DentalGPT: Incentivizing Multimodal Complex Reasoning in Dentistry

Abstract: Reliable interpretation of multimodal data in dentistry is essential for automated oral healthcare, yet current multimodal LLMs (MLLMs) struggle to capture fine-grained dental visual details and lack sufficient reasoning ability for precise diagnosis. To address these limitations, we present DentalGPT, a specialized dental MLLM developed through high-quality domain knowledge injection and reinforcement learning. Specifically, the largest annotated multimodal dataset for dentistry to date was constructed by aggregating over 120k dental images paired with detailed descriptions that highlight diagnostically relevant visual features, making it the multimodal dataset with the most extensive collection of dental images to date. Training on this dataset significantly enhances the MLLM's visual understanding of dental conditions, while the subsequent reinforcement learning stage further strengthens its capability for multimodal complex reasoning. Comprehensive evaluations on intraoral and panoramic benchmarks, along with dental subsets of medical VQA benchmarks, show that DentalGPT achieves superior performance in disease classification and dental VQA tasks, outperforming many state-of-the-art MLLMs despite having only 7B parameters. These results demonstrate that high-quality dental data combined with staged adaptation provides an effective pathway for building capable and domain-specialized dental MLLMs.

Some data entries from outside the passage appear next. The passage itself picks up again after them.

(* Let $d\ge2$ and $n\ge2$, and consider the vector program $$\max\ \frac12\left(\frac{d-1}{d}\right)-\frac14\sum_{a=1}^{d^2-1}\frac{1}{\binom n2}\sum_{1\le u<v\le n}\langle x^a_u,x^a_v\rangle$$ over real vectors $x^a_u\in\mathbb R^{m}$ ($m$ arbitrary, $a\in[d^2-1]$, $u\in[n]$) subject to $\langle x^a_u,x^b_u\rangle=\frac2d\delta_{ab}$ for all $u$ and all $a,b$. Its optimal value equals $\frac{(d-1)(d+n)}{2d(n-1)}$.
   Context: This vector program is the level-two noncommutative sum-of-squares relaxation of Quantum Max-$d$-Cut on the unweighted complete graph $K_n$, written in terms of the Gram vectors $x^a_u$ of the generalized Gell-Mann observables $\Lambda^a_u$. *)

theory Defs
  imports Complex_Main
begin

text \<open>Vectors in R^m are represented as functions nat => real, of which only the
  coordinates 0..m-1 matter. Indices a in [d^2-1] and u in [n] are 0-based.\<close>

definition inner_m :: "nat \<Rightarrow> (nat \<Rightarrow> real) \<Rightarrow> (nat \<Rightarrow> real) \<Rightarrow> real" where
  "inner_m m y z = (\<Sum>i<m. y i * z i)"

definition qmc_feasible :: "nat \<Rightarrow> nat \<Rightarrow> nat \<Rightarrow> (nat \<Rightarrow> nat \<Rightarrow> nat \<Rightarrow> real) \<Rightarrow> bool" where
  "qmc_feasible d n m x \<longleftrightarrow>
     (\<forall>u<n. \<forall>a<d^2-1. \<forall>b<d^2-1.
        inner_m m (x a u) (x b u) = (if a = b then 2 / real d else 0))"

definition qmc_objective :: "nat \<Rightarrow> nat \<Rightarrow> nat \<Rightarrow> (nat \<Rightarrow> nat \<Rightarrow> nat \<Rightarrow> real) \<Rightarrow> real" where
  "qmc_objective d n m x =
     1/2 * ((real d - 1) / real d)
     - 1/4 * (\<Sum>a<d^2-1. (1 / real (n choose 2)) *
                 (\<Sum>u<n. \<Sum>v\<in>{u<..<n}. inner_m m (x a u) (x a v)))"

end

theory Submission
  imports Defs
begin

text \<open>For a feasible family the constraint fixes \<open>|x\<^sup>a\<^sub>u|\<^sup>2 = 2/d\<close>, so expanding
  \<open>|\<Sum>\<^sub>u x\<^sup>a\<^sub>u|\<^sup>2 \<ge> 0\<close> turns the pair sum \<open>\<Sum>\<^bsub>u<v\<^esub> \<langle>x\<^sup>a\<^sub>u, x\<^sup>a\<^sub>v\<rangle>\<close> into \<open>(|\<Sum>\<^sub>u x\<^sup>a\<^sub>u|\<^sup>2 - 2n/d)/2\<close>.
  Hence on the feasible set the objective equals the claimed value minus
  \<open>\<Sum>\<^sub>a |\<Sum>\<^sub>u x\<^sup>a\<^sub>u|\<^sup>2 / (4n(n-1))\<close>. Equality holds when every \<open>\<Sum>\<^sub>u x\<^sup>a\<^sub>u\<close> vanishes, e.g. for the
  scaled vertices \<open>e\<^sub>u - (1,\<dots>,1)/n\<close> of a centred simplex, placed in a separate block of \<open>n\<close>
  coordinates for each \<open>a\<close>.\<close>

lemma sum_lessThan_mult_div_mod:
  fixes h :: "nat \<Rightarrow> nat \<Rightarrow> 'a::comm_monoid_add"
  shows "(\<Sum>i<K * n. h (i div n) (i mod n)) = (\<Sum>a<K. \<Sum>w<n. h a w)"
proof (induction K)
  case 0
  then show ?case by simp
next
  case (Suc K)
  have split: "{..<Suc K * n} = {..<K * n} \<union> {K * n..<K * n + n}" by auto
  have "(\<Sum>i<Suc K * n. h (i div n) (i mod n))
      = (\<Sum>i<K * n. h (i div n) (i mod n)) + (\<Sum>i\<in>{K * n..<K * n + n}. h (i div n) (i mod n))"
    unfolding split by (rule sum.union_disjoint) auto
  also have "(\<Sum>i\<in>{K * n..<K * n + n}. h (i div n) (i mod n)) = (\<Sum>w<n. h K w)"
    using sum.shift_bounds_nat_ivl[of "\<lambda>i. h (i div n) (i mod n)" 0 "K * n" n]
    by (simp add: add.commute lessThan_atLeast0)
  finally show ?case using Suc.IH by simp
qed

lemma sum_upper_pairs_sym:
  fixes f :: "nat \<Rightarrow> nat \<Rightarrow> 'a::comm_semiring_1"
  assumes sym: "\<And>u v. f u v = f v u"
  shows "(\<Sum>u<n. \<Sum>v<n. f u v) = (\<Sum>u<n. f u u) + 2 * (\<Sum>u<n. \<Sum>v\<in>{u<..<n}. f u v)"
proof (induction n)
  case 0
  then show ?case by simp
next
  case (Suc n)
  have square: "(\<Sum>u<Suc n. \<Sum>v<Suc n. f u v)
      = (\<Sum>u<n. \<Sum>v<n. f u v) + 2 * (\<Sum>u<n. f u n) + f n n"
  proof -
    have "(\<Sum>v<n. f n v) = (\<Sum>u<n. f u n)"
      using sym by simp
    then show ?thesis
      by (simp add: sum.distrib mult_2 add_ac)
  qed
  have "{u<..<Suc n} = insert n {u<..<n}" if "u < n" for u
    using that by auto
  then have inner: "(\<Sum>u<n. \<Sum>v\<in>{u<..<Suc n}. f u v) = (\<Sum>u<n. (\<Sum>v\<in>{u<..<n}. f u v) + f u n)"
    by (intro sum.cong) (auto simp: add.commute)
  have "{n<..<Suc n} = {}"
    by auto
  then have pairs: "(\<Sum>u<Suc n. \<Sum>v\<in>{u<..<Suc n}. f u v)
      = (\<Sum>u<n. \<Sum>v\<in>{u<..<n}. f u v) + (\<Sum>u<n. f u n)"
    by (simp add: inner sum.distrib)
  show ?case
    unfolding square pairs Suc.IH by (simp add: distrib_left add_ac)
qed

lemma real_choose_two: "real (n choose 2) = real n * (real n - 1) / 2"
proof -
  have "even (n * (n - 1))"
    by auto
  then have "2 * (n choose 2) = n * (n - 1)"
    unfolding choose_two by simp
  then have "2 * real (n choose 2) = real n * real (n - 1)"
    by (metis of_nat_mult of_nat_numeral)
  then show ?thesis
    by (cases n) auto
qed

lemma inner_m_sym: "inner_m m y z = inner_m m z y"
  unfolding inner_m_def by (simp add: mult.commute)

lemma inner_m_self_nonneg: "0 \<le> inner_m m y y"
  unfolding inner_m_def by (simp add: sum_nonneg)

lemma inner_m_zero_left: "inner_m m (\<lambda>_. 0) z = 0"
  unfolding inner_m_def by simp

lemma sum_sum_inner_m:
  "(\<Sum>u\<in>A. \<Sum>v\<in>B. inner_m m (y u) (z v))
     = inner_m m (\<lambda>i. \<Sum>u\<in>A. y u i) (\<lambda>i. \<Sum>v\<in>B. z v i)"
proof -
  have "(\<Sum>u\<in>A. \<Sum>v\<in>B. \<Sum>i<m. y u i * z v i) = (\<Sum>u\<in>A. \<Sum>i<m. \<Sum>v\<in>B. y u i * z v i)"
    by (rule sum.cong[OF refl], rule sum.swap)
  also have "\<dots> = (\<Sum>i<m. \<Sum>u\<in>A. \<Sum>v\<in>B. y u i * z v i)"
    by (rule sum.swap)
  finally show ?thesis
    unfolding inner_m_def by (simp add: sum_product)
qed

lemma sum_upper_pairs_inner_m:
  fixes y :: "nat \<Rightarrow> nat \<Rightarrow> real"
  shows "2 * (\<Sum>u<n. \<Sum>v\<in>{u<..<n}. inner_m m (y u) (y v))
     = inner_m m (\<lambda>i. \<Sum>u<n. y u i) (\<lambda>i. \<Sum>u<n. y u i) - (\<Sum>u<n. inner_m m (y u) (y u))"
  using sum_upper_pairs_sym[of "\<lambda>u v. inner_m m (y u) (y v)" n]
  by (simp add: inner_m_sym sum_sum_inner_m)

lemma qmc_objective_feasible_eq:
  assumes feas: "qmc_feasible d n m x" and "d \<ge> 1" and "n \<ge> 2"
  shows "qmc_objective d n m x
    = (real d - 1) * (real d + real n) / (2 * real d * (real n - 1))
      - (\<Sum>a<d^2-1. inner_m m (\<lambda>i. \<Sum>u<n. x a u i) (\<lambda>i. \<Sum>u<n. x a u i))
        / (4 * real n * (real n - 1))"
proof -
  define S where "S a = inner_m m (\<lambda>i. \<Sum>u<n. x a u i) (\<lambda>i. \<Sum>u<n. x a u i)" for a
  have pairs: "(\<Sum>u<n. \<Sum>v\<in>{u<..<n}. inner_m m (x a u) (x a v)) = (S a - 2 * real n / real d) / 2"
    if "a < d^2-1" for a
  proof -
    have "(\<Sum>u<n. inner_m m (x a u) (x a u)) = real n * (2 / real d)"
      using feas that unfolding qmc_feasible_def by simp
    then show ?thesis
      using sum_upper_pairs_inner_m[where y="x a" and n=n and m=m] unfolding S_def
      by (simp add: algebra_simps)
  qed
  have d: "real d > 0" and n: "real n - 1 > 0"
    using assms by auto
  have K: "real (d^2 - 1) = (real d - 1) * (real d + 1)"
    using assms by (simp add: of_nat_diff algebra_simps power2_eq_square)
  have "qmc_objective d n m x = 1/2 * ((real d - 1) / real d)
      - (\<Sum>a<d^2-1. S a - 2 * real n / real d) / (4 * real n * (real n - 1))"
    unfolding qmc_objective_def real_choose_two
    using d n by (simp add: pairs sum_distrib_left sum_divide_distrib) (intro sum.cong; simp add: field_simps)
  also have "\<dots> = (real d - 1) * (real d + real n) / (2 * real d * (real n - 1))
      - (\<Sum>a<d^2-1. S a) / (4 * real n * (real n - 1))"
  proof -
    have "1/2 * ((real d - 1) / real d) - (T - real (d^2 - 1) * (2 * real n / real d)) / (4 * real n * (real n - 1))
        = (real d - 1) * (real d + real n) / (2 * real d * (real n - 1)) - T / (4 * real n * (real n - 1))"
      for T
      using d n unfolding K by (simp add: divide_simps) algebra
    then show ?thesis
      by (simp add: sum_subtractf)
  qed
  finally show ?thesis
    unfolding S_def .
qed

lemma sum_centred_indicator_square:
  assumes "u < n"
  shows "(\<Sum>w<n. ((if w = u then 1 else 0) - 1 / real n)\<^sup>2) = 1 - 1 / real n"
proof -
  have "real n \<noteq> 0"
    using assms by simp
  then have "((if w = u then 1 else 0) - 1 / real n)\<^sup>2
      = (if w = u then 1 - 2 / real n else 0) + 1 / (real n)\<^sup>2" for w
    by (simp add: power2_eq_square field_simps)
  then show ?thesis
    using assms by (simp add: sum.distrib power2_eq_square)
qed

lemma sum_centred_indicator:
  assumes "w < n"
  shows "(\<Sum>u<n. (if w = u then 1 else 0) - 1 / real n) = 0"
  using assms by (simp add: sum_subtractf)

text \<open>Coordinate \<open>i\<close> is read as the pair \<open>(i div n, i mod n)\<close>: block \<open>a\<close> carries
  \<open>c (e\<^sub>u - (1,\<dots>,1)/n)\<close>, with \<open>c\<close> chosen so that its squared length \<open>c\<^sup>2 (1 - 1/n)\<close> is \<open>2/d\<close>.\<close>

definition qmc_optimum :: "nat \<Rightarrow> nat \<Rightarrow> nat \<Rightarrow> nat \<Rightarrow> nat \<Rightarrow> real" where
  "qmc_optimum d n a u i =
     (if i div n = a
      then sqrt (2 * real n / (real d * (real n - 1)))
             * ((if i mod n = u then 1 else 0) - 1 / real n)
      else 0)"

lemma qmc_optimum_inner:
  assumes "a < K" and "u < n" and "n \<ge> 2" and "d \<ge> 1"
  shows "inner_m (K * n) (qmc_optimum d n a u) (qmc_optimum d n b u)
           = (if a = b then 2 / real d else 0)"
proof -
  define c where "c = sqrt (2 * real n / (real d * (real n - 1)))"
  define t where "t w = (if w = u then 1 else 0) - 1 / real n" for w
  have "inner_m (K * n) (qmc_optimum d n a u) (qmc_optimum d n b u)
      = (\<Sum>p<K. \<Sum>w<n. (if p = a then c * t w else 0) * (if p = b then c * t w else 0))"
    unfolding inner_m_def qmc_optimum_def c_def[symmetric] t_def by (rule sum_lessThan_mult_div_mod)
  also have "\<dots> = (\<Sum>p<K. \<Sum>w<n. if p = a \<and> a = b then c\<^sup>2 * (t w)\<^sup>2 else 0)"
    by (intro sum.cong refl) (simp add: power2_eq_square)
  also have "\<dots> = (\<Sum>p<K. if p = a \<and> a = b then c\<^sup>2 * (\<Sum>w<n. (t w)\<^sup>2) else 0)"
    by (intro sum.cong refl) (auto simp: sum_distrib_left)
  also have "\<dots> = (if a = b then c\<^sup>2 * (1 - 1 / real n) else 0)"
    using assms by (simp add: t_def sum_centred_indicator_square)
  also have "\<dots> = (if a = b then 2 / real d else 0)"
    using assms by (simp add: c_def field_simps)
  finally show ?thesis .
qed

lemma qmc_optimum_feasible:
  assumes "n \<ge> 2" and "d \<ge> 1"
  shows "qmc_feasible d n ((d^2-1) * n) (qmc_optimum d n)"
  unfolding qmc_feasible_def using assms by (intro allI impI qmc_optimum_inner)

lemma qmc_optimum_balanced:
  assumes "n \<ge> 1"
  shows "(\<lambda>i. \<Sum>u<n. qmc_optimum d n a u i) = (\<lambda>_. 0)"
proof
  fix i
  have "i mod n < n"
    using assms by simp
  then show "(\<Sum>u<n. qmc_optimum d n a u i) = 0"
    by (cases "i div n = a")
      (simp_all add: qmc_optimum_def sum_distrib_left[symmetric] sum_centred_indicator)
qed

theorem mainTheorem15:
  fixes d n :: nat
  assumes "d \<ge> 2" and "n \<ge> 2"
  shows "(\<exists>m x. qmc_feasible d n m x \<and>
            qmc_objective d n m x = (real d - 1) * (real d + real n) / (2 * real d * (real n - 1)))
       \<and> (\<forall>m x. qmc_feasible d n m x \<longrightarrow>
            qmc_objective d n m x \<le> (real d - 1) * (real d + real n) / (2 * real d * (real n - 1)))"
proof (intro conjI allI impI)
  have feas: "qmc_feasible d n ((d^2-1) * n) (qmc_optimum d n)"
    using assms by (intro qmc_optimum_feasible) auto
  then show "\<exists>m x. qmc_feasible d n m x \<and>
      qmc_objective d n m x = (real d - 1) * (real d + real n) / (2 * real d * (real n - 1))"
    using assms qmc_objective_feasible_eq[OF feas]
    by (auto simp: qmc_optimum_balanced inner_m_zero_left)
next
  fix m x
  assume feas: "qmc_feasible d n m x"
  have "0 \<le> (\<Sum>a<d^2-1. inner_m m (\<lambda>i. \<Sum>u<n. x a u i) (\<lambda>i. \<Sum>u<n. x a u i))
              / (4 * real n * (real n - 1))"
    using assms by (intro divide_nonneg_pos sum_nonneg inner_m_self_nonneg) auto
  then show "qmc_objective d n m x \<le> (real d - 1) * (real d + real n) / (2 * real d * (real n - 1))"
    using assms qmc_objective_feasible_eq[OF feas] by simp
qed

end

• The paper presents DentalGPT, a multimodal language model specialized for dental diagnostics, substantially improving accuracy over generalist models.
• DentalGPT employs a two-stage training process: extensive domain-specific data pretraining followed by reinforcement learning to enhance complex reasoning abilities.
• Significant improvements are reported in diagnostic accuracy, with DentalGPT achieving up to 84.0% on benchmarks, outperforming larger general models.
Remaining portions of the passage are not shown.